Kaeck has received quite the buzz from other contributors to this site, which was actually how I discovered it. It turns out that this is one of the best black metal releases I’ve heard since Sorcier des Glaces’ The Puressence of Primitive Forests in 2011. It’s not the most accurate comparison since this is a significantly more violent and melodramatic album (Puressence, for all its strengths, is candy-coated), but I digress.
Stormkult belongs to an especially claustrophobic school of black metal, with its bassy production and keyboard soundscapes. Of all the instruments, though, the vocal section was the first to particularly draw my attention. They are all over the place, and the constant variation of vocal technique is effective in distinguishing sections of songs and their corresponding moods. For some, these may take some acclimation; there are some particularly anguished screams and shouts that only avoid coming off as goofy or otherwise inappropriate through their scarcity and correspondence to climaxes in the rest of the songwriting.
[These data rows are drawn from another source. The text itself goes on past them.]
(* Let $R$ be a discrete valuation domain with maximal ideal $P$. Then the injective hull $E(R/P)$ of $R/P$ and the field of fractions $Q(R)$ of $R$ are not pseudo-absorbing primary multiplication $R$-modules. Moreover, the cyclic $R$-modules $R$ and $R/P^n$ (for every integer $n\ge1$) are pseudo-absorbing primary multiplication $R$-modules.
   Context: A proper ideal $I$ of $R$ is 2-absorbing primary if whenever $a,b,c\in R$ and $abc\in I$ then $ab\in I$ or $ac\in\sqrt I$ or $bc\in\sqrt I$. A proper submodule $N$ of an $R$-module $M$ is pseudo-absorbing primary if $(N:_RM)=\{r\in R:rM\subseteq N\}$ is a 2-absorbing primary ideal. $M$ is a pseudo-absorbing primary multiplication module if for every pseudo-absorbing primary submodule $N$ of $M$ there is an ideal $I$ of $R$ with $N=IM$. *)

theory Defs
  imports Complex_Main "HOL-Computational_Algebra.Fraction_Field"
begin

definition is_ideal :: "'a::comm_ring_1 set \<Rightarrow> bool" where
  "is_ideal I \<longleftrightarrow> 0 \<in> I \<and> (\<forall>x\<in>I. \<forall>y\<in>I. x + y \<in> I) \<and> (\<forall>r. \<forall>x\<in>I. r * x \<in> I)"

definition principal_ideal :: "'a::comm_ring_1 set \<Rightarrow> bool" where
  "principal_ideal I \<longleftrightarrow> (\<exists>a. I = {a * r | r. True})"

definition maximal_ideal :: "'a::comm_ring_1 set \<Rightarrow> bool" where
  "maximal_ideal P \<longleftrightarrow> is_ideal P \<and> P \<noteq> UNIV \<and>
     (\<forall>J. is_ideal J \<and> P \<subseteq> J \<longrightarrow> J = P \<or> J = UNIV)"

text \<open>Discrete valuation ring: a principal ideal domain which is local (exactly one
  maximal ideal) and not a field (its maximal ideal is nonzero).\<close>
definition is_dvr :: "'a::idom itself \<Rightarrow> bool" where
  "is_dvr _ \<longleftrightarrow> (\<forall>I::'a set. is_ideal I \<longrightarrow> principal_ideal I) \<and>
     (\<exists>!P::'a set. maximal_ideal P) \<and> (\<forall>P::'a set. maximal_ideal P \<longrightarrow> P \<noteq> {0})"

definition radical :: "'a::comm_ring_1 set \<Rightarrow> 'a set" where
  "radical I = {r. \<exists>n. r ^ n \<in> I}"

definition two_absorbing_primary :: "'a::comm_ring_1 set \<Rightarrow> bool" where
  "two_absorbing_primary I \<longleftrightarrow> is_ideal I \<and> I \<noteq> UNIV \<and>
     (\<forall>a b c. a * b * c \<in> I \<longrightarrow> a * b \<in> I \<or> a * c \<in> radical I \<or> b * c \<in> radical I)"

definition colon :: "('a::comm_ring_1 \<Rightarrow> 'b::ab_group_add \<Rightarrow> 'b) \<Rightarrow> 'b set \<Rightarrow> 'a set" where
  "colon scale N = {r. \<forall>m. scale r m \<in> N}"

definition pseudo_absorbing_primary ::
    "('a::comm_ring_1 \<Rightarrow> 'b::ab_group_add \<Rightarrow> 'b) \<Rightarrow> 'b set \<Rightarrow> bool" where
  "pseudo_absorbing_primary scale N \<longleftrightarrow> module.subspace scale N \<and> N \<noteq> UNIV \<and>
     two_absorbing_primary (colon scale N)"

definition ideal_smult ::
    "('a::comm_ring_1 \<Rightarrow> 'b::ab_group_add \<Rightarrow> 'b) \<Rightarrow> 'a set \<Rightarrow> 'b set" where
  "ideal_smult scale I = module.span scale {scale r m | r m. r \<in> I}"

definition pap_multiplication_module :: "('a::comm_ring_1 \<Rightarrow> 'b::ab_group_add \<Rightarrow> 'b) \<Rightarrow> bool" where
  "pap_multiplication_module scale \<longleftrightarrow>
     (\<forall>N. pseudo_absorbing_primary scale N \<longrightarrow> (\<exists>I. is_ideal I \<and> N = ideal_smult scale I))"

fun ideal_pow :: "'a::comm_ring_1 set \<Rightarrow> nat \<Rightarrow> 'a set" where
  "ideal_pow P 0 = UNIV"
| "ideal_pow P (Suc n) = module.span (*) {a * b | a b. a \<in> P \<and> b \<in> ideal_pow P n}"

text \<open>M is isomorphic to R/I: M is cyclic, generated by some m whose annihilator is I.\<close>
definition iso_to_quotient :: "('a::comm_ring_1 \<Rightarrow> 'b::ab_group_add \<Rightarrow> 'b) \<Rightarrow> 'a set \<Rightarrow> bool" where
  "iso_to_quotient scale I \<longleftrightarrow> (\<exists>m. (\<forall>x. \<exists>r. x = scale r m) \<and> {r. scale r m = 0} = I)"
Since I can’t understand the Dutch these vocalists apparently perform, I have to pay special attention to how they use their voices as instruments, but I am thusly rewarded with the strength of their performances even if I can see some not enjoying the style.
Other parts of the recording are more conventional, although the dense soundscapes and keyboards tend to put me in mind of Emperor’s debut (In The Nightside Eclipse). Despite not being as overtly symphonic, the content here has a similar pacing of riff delivery – slower chord progressions over fast, if relatively unvariegated drumming; percussion is admittedly not the major emphasis here, although the drums are mixed prominently enough for this reality to reach my attention. There’s definitely room for more variety in the drumming without overemphasizing it and thusly creating awkward stylistic conflicts. Some more tempo shifts might’ve been helpful, too, as the album does seem to lean towards a theatrical, narrative style in other parts of its instrumentation, and a few well placed breaks can be very powerful. A more shrewdly degraded production might also help – Stormkult sounds almost crystal clear in spite of its overtures towards low fidelity, which suggests the latter may have been created by something as artificial as slicing out all the sounds above a certain frequency.
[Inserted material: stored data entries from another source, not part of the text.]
definition zero_or_diag :: "'f mat2 \<Rightarrow> bool" where
  "zero_or_diag Y \<longleftrightarrow> \<phi> (cls Y) = 0 \<or> diag_double_coset Y"

lemma zero_or_diagI_double_coset:
  "A \<in> Gamma_lift v D \<Longrightarrow> B \<in> Gamma_lift v D \<Longrightarrow> a \<noteq> 0 \<Longrightarrow> e \<noteq> 0 \<Longrightarrow>
    Y = mmul (mmul A (a, 0, 0, e)) B \<Longrightarrow> zero_or_diag Y"
  unfolding zero_or_diag_def diag_double_coset_def by blast

lemma zero_or_diagI_zero: "\<phi> (cls Y) = 0 \<Longrightarrow> zero_or_diag Y"
  by (simp add: zero_or_diag_def)

lemma zero_or_diag_mmul_left:
  assumes "A \<in> Gamma_lift v D" "B \<in> Gamma_lift v D" "mmul B A = (1, 0, 0, 1)"
    and "mdet Y \<noteq> 0" "zero_or_diag (mmul A Y)"
  shows "zero_or_diag Y"
proof -
  have "diag_double_coset Y" if dc: "diag_double_coset (mmul A Y)"
  proof -
    obtain A1 A2 a e where d: "A1 \<in> Gamma_lift v D" "A2 \<in> Gamma_lift v D" "a \<noteq> 0" "e \<noteq> 0"
      "mmul A Y = mmul (mmul A1 (a, 0, 0, e)) A2"
      using dc unfolding diag_double_coset_def by blast
    have "Y = mmul (mmul B A) Y"
      using assms by simp
    also have "\<dots> = mmul (mmul (mmul B A1) (a, 0, 0, e)) A2"
      by (simp add: mmul_assoc d(5))
    finally show ?thesis
      unfolding diag_double_coset_def using d Gamma_lift_mmul assms(2) by blast
  qed
  then show ?thesis
    using assms phi_zero_of_mmul_left unfolding zero_or_diag_def by blast
qed

lemma zero_or_diag_mmul_right:
  assumes "A \<in> Gamma_lift v D" "B \<in> Gamma_lift v D" "mmul A B = (1, 0, 0, 1)"
    and "mdet Y \<noteq> 0" "zero_or_diag (mmul Y A)"
  shows "zero_or_diag Y"
proof -
  have "diag_double_coset Y" if dc: "diag_double_coset (mmul Y A)"
  proof -
    obtain A1 A2 a e where d: "A1 \<in> Gamma_lift v D" "A2 \<in> Gamma_lift v D" "a \<noteq> 0" "e \<noteq> 0"
      "mmul Y A = mmul (mmul A1 (a, 0, 0, e)) A2"
      using dc unfolding diag_double_coset_def by blast
    have "Y = mmul Y (mmul A B)"
      using assms by simp
    also have "\<dots> = mmul (mmul A1 (a, 0, 0, e)) (mmul A2 B)"
      by (simp add: mmul_assoc[symmetric] d(5))
    finally show ?thesis
      unfolding diag_double_coset_def using d Gamma_lift_mmul assms(2) by blast
  qed
  then show ?thesis
    using assms phi_zero_of_mmul_right unfolding zero_or_diag_def by blast
qed

lemma phi_vanishes_lower_triangular_corner_dominant:
  assumes a: "a \<noteq> 0" and c: "c \<noteq> 0" and e: "e \<noteq> 0"
    and ac: "a / c \<in> Oring v" and ec: "e / c \<in> Oring v"
  shows "\<phi> (cls (a, 0, c, e)) = 0"
proof -
  define b' where "b' = - (a / c) * e"
  define Y1 where "Y1 = (0 :: 'f, b', c, e)"
  have b': "b' \<noteq> 0"
    using a c e by (simp add: b'_def)
  have "mmul Y1 (1, - (e / c), 0, 1) = (0, b', c, 0)"
    using c by (simp add: Y1_def)
  moreover have "\<phi> (cls (0, b', c, 0)) = 0"
    using phi_vanishes_corner[of b' c 0] b' c by simp
  ultimately have "\<phi> (cls Y1) = 0"
    using phi_zero_of_mmul_right[OF upper_unipotent_in_Gamma_lift, of "- (e / c)" Y1] ec b' c
    by (simp add: Y1_def)
  moreover have "mmul (1, - (a / c), 0, 1) (a, 0, c, e) = Y1"
    using c by (simp add: Y1_def b'_def)
  ultimately show ?thesis
    using phi_zero_of_mmul_left[OF upper_unipotent_in_Gamma_lift, of "- (a / c)" "(a, 0, c, e)"]
      ac a e by simp
qed

lemma phi_vanishes_lower_triangular_off_level:
  assumes a: "a \<noteq> 0" and e: "e \<noteq> 0"
    and ca: "c / a \<notin> Pideal v (int D)" and ce: "c / e \<notin> Pideal v (int D)"
  shows "\<phi> (cls (a, 0, c, e)) = 0"
proof -
  have c: "c \<noteq> 0"
    using ca by auto
  have ac: "z * (a / c) \<in> Oring v" and ec: "z * (e / c) \<in> Oring v"
    using z_mult_divide_swap[OF c] a e ca ce by blast+
  consider "c / a \<in> Pideal v 1" | "c / e \<in> Pideal v 1" | "c / a \<notin> Pideal v 1" "c / e \<notin> Pideal v 1"
    by blast
  then show ?thesis
  proof cases
    case 1
    then show ?thesis
      using phi_vanishes_generic[of a c e 0] a c e ac ec z_mult_Pideal1[OF 1] by simp
  next
    case 2
    then have "int D \<noteq> 1"
      using ce by auto
    then have "z \<in> Pideal v 1"
      using Pideal_monoD[OF z_Pideal] level_pos by simp
    then show ?thesis
      using phi_vanishes_lower_triangular[of a c e] a c e ac ec z_mult_Pideal1[OF 2] by simp
  next
    case 3
    then show ?thesis
      using phi_vanishes_lower_triangular_corner_dominant[OF a c e] divide_notin_Pideal1_swap[OF c] a e
      by blast
  qed
qed

lemma zero_or_diag_lower_triangular:
  assumes a: "a \<noteq> 0" and e: "e \<noteq> 0"
  shows "zero_or_diag (a, 0, c, e)"
proof -
  consider "c / a \<in> Pideal v (int D)" | "c / e \<in> Pideal v (int D)"
    | "c / a \<notin> Pideal v (int D)" "c / e \<notin> Pideal v (int D)"
    by blast
  then show ?thesis
  proof cases
    case 1
    show ?thesis
      by (rule zero_or_diagI_double_coset[OF lower_unipotent_in_Gamma_lift[OF 1] id_in_Gamma_lift a e])
        (use a in simp)
  next
    case 2
    show ?thesis
      by (rule zero_or_diagI_double_coset[OF id_in_Gamma_lift lower_unipotent_in_Gamma_lift[OF 2] a e])
        (use e in simp)
  next
    case 3
    then show ?thesis
      using phi_vanishes_lower_triangular_off_level[OF a e] zero_or_diagI_zero by blast
  qed
qed

lemma zero_or_diag_upper_triangular:
  assumes a: "a \<noteq> 0" and e: "e \<noteq> 0"
  shows "zero_or_diag (a, b, 0, e)"
proof -
  consider "b / a \<in> Oring v" | "b / e \<in> Oring v" | "b / a \<notin> Oring v" "b / e \<notin> Oring v"
    by blast
  then show ?thesis
  proof cases
    case 1
    show ?thesis
      by (rule zero_or_diagI_double_coset[OF id_in_Gamma_lift upper_unipotent_in_Gamma_lift[OF 1] a e])
        (use a in simp)
  next
    case 2
    show ?thesis
      by (rule zero_or_diagI_double_coset[OF upper_unipotent_in_Gamma_lift[OF 2] id_in_Gamma_lift a e])
        (use e in simp)
  next
    case 3
    then have b: "b \<noteq> 0"
      by auto
    have ab: "a / b \<in> Pideal v 1" and eb: "e / b \<in> Pideal v 1"
      using divide_notin_Oring_swap[OF b] a e 3 by blast+
    show ?thesis
    proof (cases "a / b \<in> Pideal v (int D)")
      case False
      then have "z * (b / a) \<in> Oring v"
        using z_mult_divide_swap[OF a b] by blast
      then show ?thesis
        using phi_vanishes_upper_triangular[of a b e] a b e z_mult_Pideal1[OF ab] z_mult_Pideal1[OF eb]
        by (simp add: zero_or_diagI_zero)
    next
      case True
      have "mmul (a, b, 0, e) (1, 0, - (a / b), 1) = (0, b, - (e * (a / b)), e)"
        using b by simp
      moreover have "\<phi> (cls (0, b, - (e * (a / b)), e)) = 0"
        using phi_vanishes_corner a b e z_mult_Pideal1[OF eb] by simp
      ultimately show ?thesis
        using phi_zero_of_mmul_right[OF lower_unipotent_in_Gamma_lift, of "- (a / b)" "(a, b, 0, e)"]
          True a e by (simp add: zero_or_diagI_zero)
    qed
  qed
qed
The positives here outweigh the negatives by a great margin, though; Kaeck’s approach on this album is fundamentally sound, although there is definitely room for refinement and greater sophistication if they choose to go forwards with future recordings. Those could potentially stand with the god-tier recordings we’ve enshrined here, but that Kaeck comes close to them makes me confident that they could reach that level with practice and effort. I write this knowing I have yet to finish penetrating Stormkult‘s depths, but an album that doesn’t surrender its secrets immediately is better than the alternative.
Author’s note: DMU has had access to this album for some time, but in light of its official physical release, I feel writing about my own experience with it is appropriate.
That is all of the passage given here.